Atrás queda la época de Guardiola en la que el Barça jugaba con 6, 7 u 8 jugadores de la casa la mayoría de partidos, finales incluidas, y siempre tenía alternativas en el banquillo. En la memoria de todos los culés quedará, por ejemplo, ese 10 de enero de 2011 cuando Messi, Iniesta y Xavi completaron el Top 3 del Balón de oro. O el 25 de noviembre de 2012, día en el que, tras la lesión de Alves, Tito Vilanova introdujo a Montoya y completó un XI de jugadores de La Masía: Víctor Valdés; Martín Montoya, Gerard Piqué, Carles Puyol, Jordi Alba; Sergio Busquets, Xavi Hernández, Cesc Fàbregas, Pedro Rodríguez, Lionel Messi y Andrés Iniesta. De hecho, infinitas han sido las alabanzas al modelo: Joachim Löw no dudó en afirmar, tras perder en las semifinales del Mundial de Sudáfrica 2010, que “se puede ver en cada pase, como juega España es como el Barcelona juega. Difícilmente pueden ser derrotados, son extremadamente seguros y muy tranquilos en su forma de circular el balón”; l’Équipe, por su parte, consideró en 2014 La Masía como “una verdadera fábrica catalana de campeones”, ya que aportó 43 futbolistas profesionales, 13 de ellos en la plantilla azulgrana y el resto repartidos en distintos equipos de las cinco grandes Ligas europeas esa temporada.

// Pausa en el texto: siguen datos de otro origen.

lemma lap_H_comp_inversion:
  fixes \<phi> :: "real ^ 'n::{finite,linorder} \<Rightarrow> 'b::real_normed_vector"
    and Q :: "real ^ 'n::{finite,linorder} \<Rightarrow> real ^ 'n::{finite,linorder}"
  assumes U: "open U" and C2: "C2_on U \<phi>"
    and mu: "\<mu> > 0" and Q: "orthogonal_transformation Q"
    and pN: "p $ last_idx = 0" and QN: "Q (unit_vec last_idx) = unit_vec last_idx"
    and wN: "w $ last_idx = 0" and v: "v \<in> upper_half"
  defines "F \<equiv> \<lambda>x. p + (\<mu> / ((x + w) \<bullet> (x + w))) *\<^sub>R Q (x + w)"
    and "s \<equiv> (v + w) \<bullet> (v + w)"
  assumes Fv: "F v \<in> U"
  shows "lap_H (\<phi> \<circ> F) v = (\<mu> / s)^2 *\<^sub>R lap_H \<phi> (F v) \<and> lap_H' (\<phi> \<circ> F) v = (\<mu> / s)^2 *\<^sub>R lap_H' \<phi> (F v)"
proof -
  define N where "N = (last_idx :: 'n)"
  interpret Q: linear Q using Q by (simp add: orthogonal_transformation_def)
  have vN: "v $ N > 0" using v by (simp add: upper_half_def N_def)
  have nz: "x + w \<noteq> 0" if "x \<in> upper_half" for x
  proof -
    have "(x + w) $ N > 0" using that wN by (simp add: upper_half_def N_def)
    then show ?thesis by (metis less_irrefl zero_index)
  qed
  have QN': "Q x $ N = x $ N" for x
    using orthogonal_transformation_last_coord(1)[OF Q QN, of x] by (simp add: inner_axis N_def)
  have cQ: "continuous_on UNIV Q"
    by (rule linear_continuous_on) (simp add: linear_conv_bounded_linear[symmetric] Q.linear_axioms)
  have c1: "continuous_on upper_half (\<lambda>x. Q (x + w))"
    by (rule continuous_on_compose2[OF cQ]) (auto intro!: continuous_intros)
  have c2: "continuous_on upper_half (\<lambda>x. \<mu> / ((x + w) \<bullet> (x + w)))"
    by (intro continuous_intros) (use nz in auto)
  have "continuous_on upper_half F"
    unfolding F_def by (intro continuous_on_add continuous_on_const continuous_on_scaleR c1 c2)
  then have V: "open (upper_half \<inter> F -` U)" "v \<in> upper_half \<inter> F -` U"
      "\<And>x. x \<in> upper_half \<inter> F -` U \<Longrightarrow> F x \<in> U"
    using continuous_open_preimage[OF _ open_upper_half U] v Fv by auto
  define dF where "dF i x = (\<mu> / ((x + w) \<bullet> (x + w))) *\<^sub>R Q (unit_vec i)
      + (- (2 * \<mu> * (x + w) $ i / ((x + w) \<bullet> (x + w))^2)) *\<^sub>R Q (x + w)" for i x
  define y where "y = v + w"
  have y0: "y \<noteq> 0" using nz[OF v] by (simp add: y_def)
  have s0: "s > 0" using y0 by (simp add: s_def y_def[symmetric])
  have yN: "y $ N = v $ N" using wN by (simp add: y_def N_def)
  define d2F where "d2F i = (- (4 * \<mu> * y $ i / s^2)) *\<^sub>R Q (unit_vec i)
      + (8 * \<mu> * (y $ i)^2 / s^3 - 2 * \<mu> / s^2) *\<^sub>R Q y" for i
  have dFd: "((\<lambda>t. F (x + t *\<^sub>R unit_vec i)) has_vector_derivative dF i x) (at 0)"
    if "x \<in> upper_half \<inter> F -` U" for x i
    using inversion_has_partial[OF Q.linear_axioms nz, of x p \<mu> i] that by (simp add: F_def dF_def)
  have d2Fd: "((\<lambda>t. dF i (v + t *\<^sub>R unit_vec i)) has_vector_derivative d2F i) (at 0)" for i
    using inversion_has_second_partial[OF Q.linear_axioms nz[OF v], of \<mu> i]
    by (simp add: dF_def d2F_def y_def s_def)
  have G1: "(\<Sum>i\<in>UNIV. dF i v $ k * dF i v $ l) = (if k = l then (\<mu> / s)^2 else 0)" for k l
    using inversion_jacobian_orthogonal[OF Q y0, of \<mu> k l] by (simp add: dF_def y_def s_def)
  have FN: "F v $ N = (\<mu> / s) * v $ N" using pN QN' yN by (simp add: F_def y_def s_def N_def)
  have G2: "(\<Sum>i\<in>UNIV. d2F i) - ((real CARD('n) - 2) / v $ last_idx) *\<^sub>R dF last_idx v
      = (- ((real CARD('n) - 2) * (\<mu> / s)^2 / F v $ last_idx)) *\<^sub>R unit_vec last_idx"
  proof -
    have "(real CARD('n) - 2) * (\<mu> / s)^2 / F v $ N = (real CARD('n) - 2) * \<mu> / (s * y $ N)"
      using FN yN s0 mu vN by (simp add: power2_eq_square field_simps)
    then show ?thesis
      using inversion_laplacian_defect[OF Q.linear_axioms y0 QN[folded N_def], of \<mu>] vN yN
      by (simp add: d2F_def dF_def y_def s_def N_def)
  qed
  show ?thesis
    by (rule lap_H_comp_conformal[OF U C2 V dFd d2Fd G1 G2]) (use FN mu s0 vN in \<open>simp_all add: N_def\<close>)
qed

Por otro lado, gracias a un excelente informe del periodista Rubén Uría, sabemos que el Barça ha invertido 705.5 millones de euros en las últimas 8 temporadas; eso significa que, tras obtener 329 millones en traspaso, el club se ha gastado un total de 376.5 millones de euros en reforzar al equipo y mantener el nivel. Eso es 83.7 millones menos que el Real Madrid en el mismo periodo, aunque entra dentro de lo lógico y normal, ya que el conjunto blanco apenas apuesta por la gente de la fábrica. El problema es que ese dinero invertido se ha convertido en una barrera complicada de traspasar para los jugadores de la cantera: siempre tienen a otros por delante de ellos.

En definitiva, a medida que el Barça se ha ido globalizando, el peso de los canteranos ha ido perdiendo fuelle, cosa que no parece que vaya a cambiar a corto plazo. Es más, probablemente, la cosa ira a más.